Coco was young and in great shape. The surgery, though invasive, went very well. He was awake shortly after, and they told me that he was standing and walking around in the afternoon. I was able to bring him home the next day, alert but dazed by the medications. Coco was sent home with Rimadyl and Tramadol for pain and, of course, antibiotics.

Editor’s note

NSAIDs, such are Rimadyl, are often prescribed for injuries or post-op recovery. While many dogs benefit from these drugs, they can have serious side effects. Therefore, I advise caution and monitoring your dog closely for any suspicious signs, particularly any changes in drinking and eating habits. When in doubt, discussing alternatives with your surgeon might be a good idea.

Days 1 to 14

The cone of shame
Canine TPLO Post-Op: Coco's Diary

Coco was not too happy with the lampshade that he had to wear. He was offered food in the hospital but refused, so he needed to eat at home. And eat he did! He just didn’t like hospital food.

He flunked the LampShade Test on Day 1. Coco was a licker. As soon as the LS was off, he went for the stitches, so back on it went, and on it stayed for the next two weeks until the stitches were removed.

Editor’s note

Your dog mustn’t lick the incision. Twenty minutes of licking can undo two days of healing! However, I don’t blame the poor dogs for hating the “lampshade”! Some alternative products out there now, such as the ProCollar, are worth considering.

Caring for the incision

The incision was about two in. long on the inner side of his left knee. It looked puffy and red, and fluid gathered just below around the ankle. Nevertheless, the boy limped around like a trooper. Oblivion is bliss! I was glad to see that he used that leg gently instead of hopping on three legs. You would want your dog to use that leg right away.

I put an ice pack on the knee for a few minutes 3 to 4 times a day. He didn’t like it that much, but it helped get the swelling down. Nothing drastic happened, but it didn’t hurt either.

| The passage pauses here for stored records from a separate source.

(* Let $E$ be any subset of the equations $\{(\mathsf e),(\mathsf c),(!\mathsf e),(!\mathsf c),(!\mathsf a1),(!\mathsf a2)\}$ and let $\mathcal V$ be the variety of integral interior $r\ell u$-groupoids satisfying all equations in $E$. Then $\mathcal V$ has the finite embeddability property.
   Context: A unital groupoid is a set with a (not necessarily associative) binary operation $\cdot$ and a two-sided unit $1$. An $r\ell u$-groupoid is an algebra $(A,\wedge,\vee,\cdot,\backslash,/,1)$ such that $(A,\wedge,\vee)$ is a lattice with order $\le$, $(A,\cdot,1)$ is a unital groupoid, and $x\cdot y\le z\iff y\le x\backslash z\iff x\le z/y$. An interior $r\ell u$-groupoid additionally has a unary operation $!$ with $1\le !1$, $!x\cdot !y\le !(x\cdot y)$, $!x\le x$, $!x\le !!x$, and $x\le y\Rightarrow !x\le !y$. It is integral if $x\le 1$ for all $x$. Equations: $(\mathsf e)$ $x\cdot y\le y\cdot x$; $(\mathsf c)$ $x\le x\cdot x$; $(!\mathsf c)$ $!x\le !x\cdot !x$; $(!\mathsf e)$ $!x\cdot y=y\cdot !x$; $(!\mathsf a1)$ $!x\cdot(y\cdot z)=(!x\cdot y)\cdot z$; $(!\mathsf a2)$ $x\cdot(y\cdot !z)=(x\cdot y)\cdot !z$. A partial subalgebra of an algebra $\mathbf C$ is a subset $B$ with $f^{\mathbf B}(\vec b)=f^{\mathbf C}(\vec b)$ if this lies in $B$ and undefined otherwise. An embedding of a partial algebra $\mathbf B$ into an algebra $\mathbf D$ is an injective map $h$ with $h(f^{\mathbf B}(\vec b))=f^{\mathbf D}(h(\vec b))$ whenever the left side is defined. A class $\mathcal K$ has the finite embeddability property (FEP) if every finite partial subalgebra of a member of $\mathcal K$ embeds into a finite member of $\mathcal K$. *)

theory Defs
  imports Main
begin

record 'a irlu =
  carrier :: "'a set"
  meet :: "'a \<Rightarrow> 'a \<Rightarrow> 'a"
  join :: "'a \<Rightarrow> 'a \<Rightarrow> 'a"
  mult :: "'a \<Rightarrow> 'a \<Rightarrow> 'a"
  ldiv :: "'a \<Rightarrow> 'a \<Rightarrow> 'a"
  rdiv :: "'a \<Rightarrow> 'a \<Rightarrow> 'a"
  one :: "'a"
  bang :: "'a \<Rightarrow> 'a"

definition leq :: "('a, 'b) irlu_scheme \<Rightarrow> 'a \<Rightarrow> 'a \<Rightarrow> bool" where
  "leq A x y \<longleftrightarrow> meet A x y = x"

definition closed_ops :: "('a, 'b) irlu_scheme \<Rightarrow> bool" where
  "closed_ops A \<longleftrightarrow> one A \<in> carrier A \<and>
     (\<forall>x\<in>carrier A. bang A x \<in> carrier A) \<and>
     (\<forall>x\<in>carrier A. \<forall>y\<in>carrier A.
        meet A x y \<in> carrier A \<and> join A x y \<in> carrier A \<and> mult A x y \<in> carrier A \<and>
        ldiv A x y \<in> carrier A \<and> rdiv A x y \<in> carrier A)"

definition is_lattice :: "('a, 'b) irlu_scheme \<Rightarrow> bool" where
  "is_lattice A \<longleftrightarrow>
     (\<forall>x\<in>carrier A. \<forall>y\<in>carrier A.
        meet A x y = meet A y x \<and> join A x y = join A y x \<and>
        meet A x (join A x y) = x \<and> join A x (meet A x y) = x) \<and>
     (\<forall>x\<in>carrier A. \<forall>y\<in>carrier A. \<forall>z\<in>carrier A.
        meet A x (meet A y z) = meet A (meet A x y) z \<and>
        join A x (join A y z) = join A (join A x y) z)"

definition rlu_groupoid :: "('a, 'b) irlu_scheme \<Rightarrow> bool" where
  "rlu_groupoid A \<longleftrightarrow> closed_ops A \<and> is_lattice A \<and>
     (\<forall>x\<in>carrier A. mult A (one A) x = x \<and> mult A x (one A) = x) \<and>
     (\<forall>x\<in>carrier A. \<forall>y\<in>carrier A. \<forall>z\<in>carrier A.
        (leq A (mult A x y) z \<longleftrightarrow> leq A y (ldiv A x z)) \<and>
        (leq A (mult A x y) z \<longleftrightarrow> leq A x (rdiv A z y)))"

definition interior_rlu_groupoid :: "('a, 'b) irlu_scheme \<Rightarrow> bool" where
  "interior_rlu_groupoid A \<longleftrightarrow> rlu_groupoid A \<and>
     leq A (one A) (bang A (one A)) \<and>
     (\<forall>x\<in>carrier A. \<forall>y\<in>carrier A.
        leq A (mult A (bang A x) (bang A y)) (bang A (mult A x y))) \<and>
     (\<forall>x\<in>carrier A. leq A (bang A x) x \<and> leq A (bang A x) (bang A (bang A x))) \<and>
     (\<forall>x\<in>carrier A. \<forall>y\<in>carrier A. leq A x y \<longrightarrow> leq A (bang A x) (bang A y))"

definition integral :: "('a, 'b) irlu_scheme \<Rightarrow> bool" where
  "integral A \<longleftrightarrow> (\<forall>x\<in>carrier A. leq A x (one A))"

datatype eqn = Eq_e | Eq_c | Eq_bang_e | Eq_bang_c | Eq_bang_a1 | Eq_bang_a2

fun satisfies :: "('a, 'b) irlu_scheme \<Rightarrow> eqn \<Rightarrow> bool" where
  "satisfies A Eq_e = (\<forall>x\<in>carrier A. \<forall>y\<in>carrier A. leq A (mult A x y) (mult A y x))"
| "satisfies A Eq_c = (\<forall>x\<in>carrier A. leq A x (mult A x x))"
| "satisfies A Eq_bang_c = (\<forall>x\<in>carrier A. leq A (bang A x) (mult A (bang A x) (bang A x)))"
| "satisfies A Eq_bang_e = (\<forall>x\<in>carrier A. \<forall>y\<in>carrier A. mult A (bang A x) y = mult A y (bang A x))"
| "satisfies A Eq_bang_a1 = (\<forall>x\<in>carrier A. \<forall>y\<in>carrier A. \<forall>z\<in>carrier A.
      mult A (bang A x) (mult A y z) = mult A (mult A (bang A x) y) z)"
| "satisfies A Eq_bang_a2 = (\<forall>x\<in>carrier A. \<forall>y\<in>carrier A. \<forall>z\<in>carrier A.
      mult A x (mult A y (bang A z)) = mult A (mult A x y) (bang A z))"

definition in_V :: "eqn set \<Rightarrow> ('a, 'b) irlu_scheme \<Rightarrow> bool" where
  "in_V E A \<longleftrightarrow> interior_rlu_groupoid A \<and> integral A \<and> (\<forall>e\<in>E. satisfies A e)"

definition partial_embedding ::
  "('a, 'c) irlu_scheme \<Rightarrow> 'a set \<Rightarrow> ('a \<Rightarrow> 'b) \<Rightarrow> ('b, 'd) irlu_scheme \<Rightarrow> bool" where
  "partial_embedding C B h D \<longleftrightarrow> inj_on h B \<and> h ` B \<subseteq> carrier D \<and>
     (one C \<in> B \<longrightarrow> h (one C) = one D) \<and>
     (\<forall>x\<in>B. bang C x \<in> B \<longrightarrow> h (bang C x) = bang D (h x)) \<and>
     (\<forall>x\<in>B. \<forall>y\<in>B.
        (meet C x y \<in> B \<longrightarrow> h (meet C x y) = meet D (h x) (h y)) \<and>
        (join C x y \<in> B \<longrightarrow> h (join C x y) = join D (h x) (h y)) \<and>
        (mult C x y \<in> B \<longrightarrow> h (mult C x y) = mult D (h x) (h y)) \<and>
        (ldiv C x y \<in> B \<longrightarrow> h (ldiv C x y) = ldiv D (h x) (h y)) \<and>
        (rdiv C x y \<in> B \<longrightarrow> h (rdiv C x y) = rdiv D (h x) (h y)))"

end

theory Submission
  imports Defs "HOL-Library.Ramsey"
begin

text \<open>Following the residuated frame method, the finite algebra is built from words: \<open>W\<close> is the
  set of hole-free terms over the labels \<open>B \<union> {1}\<close>, built with the product and \<open>!\<close>, each denoting
  its value in \<open>C\<close>. The basic sets \<open>{w \<in> W. c[w] \<le> b}\<close>, for \<open>b \<in> B\<close> and contexts \<open>c\<close> with the
  hole under products only, generate a closure operator \<open>\<gamma>\<close>. It is a nucleus for the product of
  sets of words, so the closed sets form an integral interior r\<ell>u-groupoid into which
  \<open>b \<mapsto> {w. w \<le> b}\<close> embeds the partial subalgebra \<open>B\<close>, and which inherits each of the equations
  (e), (c), (!e), (!c), (!a1), (!a2) from \<open>C\<close>.

  By integrality, deleting subterms of a word or of a context can only increase its value. So
  the basic sets are upward closed for the homeomorphic embedding of terms and grow with the
  context, and Kruskal's tree theorem, proved here by Nash-Williams' minimal bad sequence
  argument, leaves finitely many basic sets for each \<open>b\<close>; closed sets are intersections of basic
  sets.\<close>

section \<open>Kruskal's theorem for finitely labelled terms\<close>

datatype 'a tm = Atom 'a | Hole
  | is_Mul: Mul (mul_left: "'a tm") (mul_right: "'a tm")
  | is_Bang: Bang (bang_arg: "'a tm")

inductive emb :: "'a tm \<Rightarrow> 'a tm \<Rightarrow> bool" where
  emb_Atom: "emb (Atom a) (Atom a)"
| emb_Hole: "emb Hole Hole"
| emb_Mul_left: "emb s t1 \<Longrightarrow> emb s (Mul t1 t2)"
| emb_Mul_right: "emb s t2 \<Longrightarrow> emb s (Mul t1 t2)"
| emb_Bang_arg: "emb s t \<Longrightarrow> emb s (Bang t)"
| emb_Mul: "emb s1 t1 \<Longrightarrow> emb s2 t2 \<Longrightarrow> emb (Mul s1 s2) (Mul t1 t2)"
| emb_Bang: "emb s t \<Longrightarrow> emb (Bang s) (Bang t)"

lemma emb_refl: "emb t t"
  by (induction t) (auto intro: emb.intros)

fun atoms :: "'a tm \<Rightarrow> 'a set" where
  "atoms (Atom a) = {a}"
| "atoms Hole = {}"
| "atoms (Mul s t) = atoms s \<union> atoms t"
| "atoms (Bang s) = atoms s"

lemma emb_atoms: "emb s t \<Longrightarrow> atoms s \<subseteq> atoms t"
  by (induction rule: emb.induct) auto

definition good :: "(nat \<Rightarrow> 'a tm) \<Rightarrow> bool" where
  "good f \<longleftrightarrow> (\<exists>i j. i < j \<and> emb (f i) (f j))"

lemma ramsey_subseq:
  fixes x :: "nat \<Rightarrow> 'b"
  obtains \<phi> :: "nat \<Rightarrow> nat" where "strict_mono \<phi>"
    and "(\<forall>i j. i < j \<longrightarrow> P (x (\<phi> i)) (x (\<phi> j))) \<or> (\<forall>i j. i < j \<longrightarrow> \<not> P (x (\<phi> i)) (x (\<phi> j)))"
proof -
  define col where "col X = (if P (x (Min X)) (x (Max X)) then 0 else 1::nat)" for X :: "nat set"
  have "\<forall>a\<in>UNIV. \<forall>b\<in>UNIV. a \<noteq> b \<longrightarrow> col {a, b} < 2" by (simp add: col_def)
  from Ramsey2[OF infinite_UNIV_nat this] obtain Y t
    where "infinite Y" and hom: "\<forall>a\<in>Y. \<forall>b\<in>Y. a \<noteq> b \<longrightarrow> col {a, b} = t"
    by blast
  then obtain \<phi> :: "nat \<Rightarrow> nat" where \<phi>: "strict_mono \<phi>" "\<And>n. \<phi> n \<in> Y"
    using infinite_enumerate by blast
  have "P (x (\<phi> i)) (x (\<phi> j)) \<longleftrightarrow> t = 0" if "i < j" for i j
  proof -
    have "\<phi> i < \<phi> j" using \<phi>(1) that by (rule strict_monoD)
    then have "col {\<phi> i, \<phi> j} = t" and "Min {\<phi> i, \<phi> j} = \<phi> i" and "Max {\<phi> i, \<phi> j} = \<phi> j"
      using hom \<phi>(2) by auto
    then show ?thesis unfolding col_def by (auto split: if_splits)
  qed
  then show thesis using that[OF \<phi>(1)] by blast
qed

lemma chain_subseq:
  fixes x :: "nat \<Rightarrow> 'b"
  assumes "\<And>\<psi> :: nat \<Rightarrow> nat. strict_mono \<psi> \<Longrightarrow> \<exists>i j. i < j \<and> R (x (\<psi> i)) (x (\<psi> j))"
  obtains \<phi> :: "nat \<Rightarrow> nat" where "strict_mono \<phi>" "\<And>i j. i < j \<Longrightarrow> R (x (\<phi> i)) (x (\<phi> j))"
proof -
  obtain \<phi> :: "nat \<Rightarrow> nat" where \<phi>: "strict_mono \<phi>"
    and "(\<forall>i j. i < j \<longrightarrow> R (x (\<phi> i)) (x (\<phi> j))) \<or> (\<forall>i j. i < j \<longrightarrow> \<not> R (x (\<phi> i)) (x (\<phi> j)))"
    by (rule ramsey_subseq)
  moreover have "\<exists>i j. i < j \<and> R (x (\<phi> i)) (x (\<phi> j))" using assms[OF \<phi>] .
  ultimately show thesis using that by blast
qed

context
  fixes L :: "'a set"
  assumes finite_L: "finite L"
begin

definition bad :: "(nat \<Rightarrow> 'a tm) \<Rightarrow> bool" where
  "bad f \<longleftrightarrow> (\<forall>i. atoms (f i) \<subseteq> L) \<and> \<not> good f"

text \<open>Nash-Williams' minimal bad sequence: \<open>mbs n\<close> is a term of least size that continues
  \<open>mbs 0, \<dots>, mbs (n - 1)\<close> to a bad sequence.\<close>

definition bad_extension :: "'a tm list \<Rightarrow> 'a tm \<Rightarrow> bool" where
  "bad_extension xs t \<longleftrightarrow> (\<exists>g. bad g \<and> (\<forall>i<length xs. g i = xs ! i) \<and> g (length xs) = t)"

definition min_extension :: "'a tm list \<Rightarrow> 'a tm" where
  "min_extension xs =
     (SOME t. bad_extension xs t \<and> (\<forall>t'. bad_extension xs t' \<longrightarrow> size t \<le> size t'))"

primrec mbs_prefix :: "nat \<Rightarrow> 'a tm list" where
  "mbs_prefix 0 = []"
| "mbs_prefix (Suc n) = mbs_prefix n @ [min_extension (mbs_prefix n)]"

definition mbs :: "nat \<Rightarrow> 'a tm" where
  "mbs n = min_extension (mbs_prefix n)"

lemma length_mbs_prefix [simp]: "length (mbs_prefix n) = n"
  by (induction n) auto

lemma nth_mbs_prefix: "i < n \<Longrightarrow> mbs_prefix n ! i = mbs i"
  by (induction n) (auto simp: nth_append less_Suc_eq mbs_def)

lemma min_extension:
  assumes "bad_extension xs t"
  shows "bad_extension xs (min_extension xs)"
    and "bad_extension xs t' \<Longrightarrow> size (min_extension xs) \<le> size t'"
proof -
  have "\<exists>t. bad_extension xs t \<and> (\<forall>t'. bad_extension xs t' \<longrightarrow> size t \<le> size t')"
    using ex_has_least_nat[of "bad_extension xs" t size] assms by blast
  then have "bad_extension xs (min_extension xs) \<and>
      (\<forall>t'. bad_extension xs t' \<longrightarrow> size (min_extension xs) \<le> size t')"
    unfolding min_extension_def by (rule someI_ex)
  then show "bad_extension xs (min_extension xs)"
    and "bad_extension xs t' \<Longrightarrow> size (min_extension xs) \<le> size t'" by blast+
qed

lemma bad_extension_mbs:
  assumes "bad f"
  shows "bad_extension (mbs_prefix n) (mbs n)"
proof (induction n)
  case 0
  show ?case using min_extension(1)[of "[]" "f 0"] assms
    unfolding mbs_def bad_extension_def by auto
next
  case (Suc n)
  then obtain g where g: "bad g" "\<forall>i<n. g i = mbs_prefix n ! i" "g n = mbs n"
    unfolding bad_extension_def by auto
  then have "bad_extension (mbs_prefix (Suc n)) (g (Suc n))"
    unfolding bad_extension_def by (auto simp: nth_append less_Suc_eq mbs_def)
  then show ?case unfolding mbs_def by (rule min_extension(1))
qed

I also massaged the whole leg gently every day and worked on his Passive Range of Motion (PROM) by moving his leg for him, as shown to me by the vet tech. Again, Coco was outstanding and didn’t complain about it.

He was kept in the living room with a doggy bed and comforters on the floor, separated from my other two dogs. They had supervised visits, but rough play was not allowed.  The couch cushions were all lifted so there would be no risk of jumping on and off. Daily 5-10 minute potty breaks on a short leash. That’s pretty much the routine for the first two weeks.

Useful tips


At this point, I would add a suggestion for dog owners. Take a week (or 2) off as vacation. You’ll need it. It lessens the stress off your mind worrying about the care of your dog. Trust me on that. Face it, when your dog tears a cruciate ligament, you are screwed!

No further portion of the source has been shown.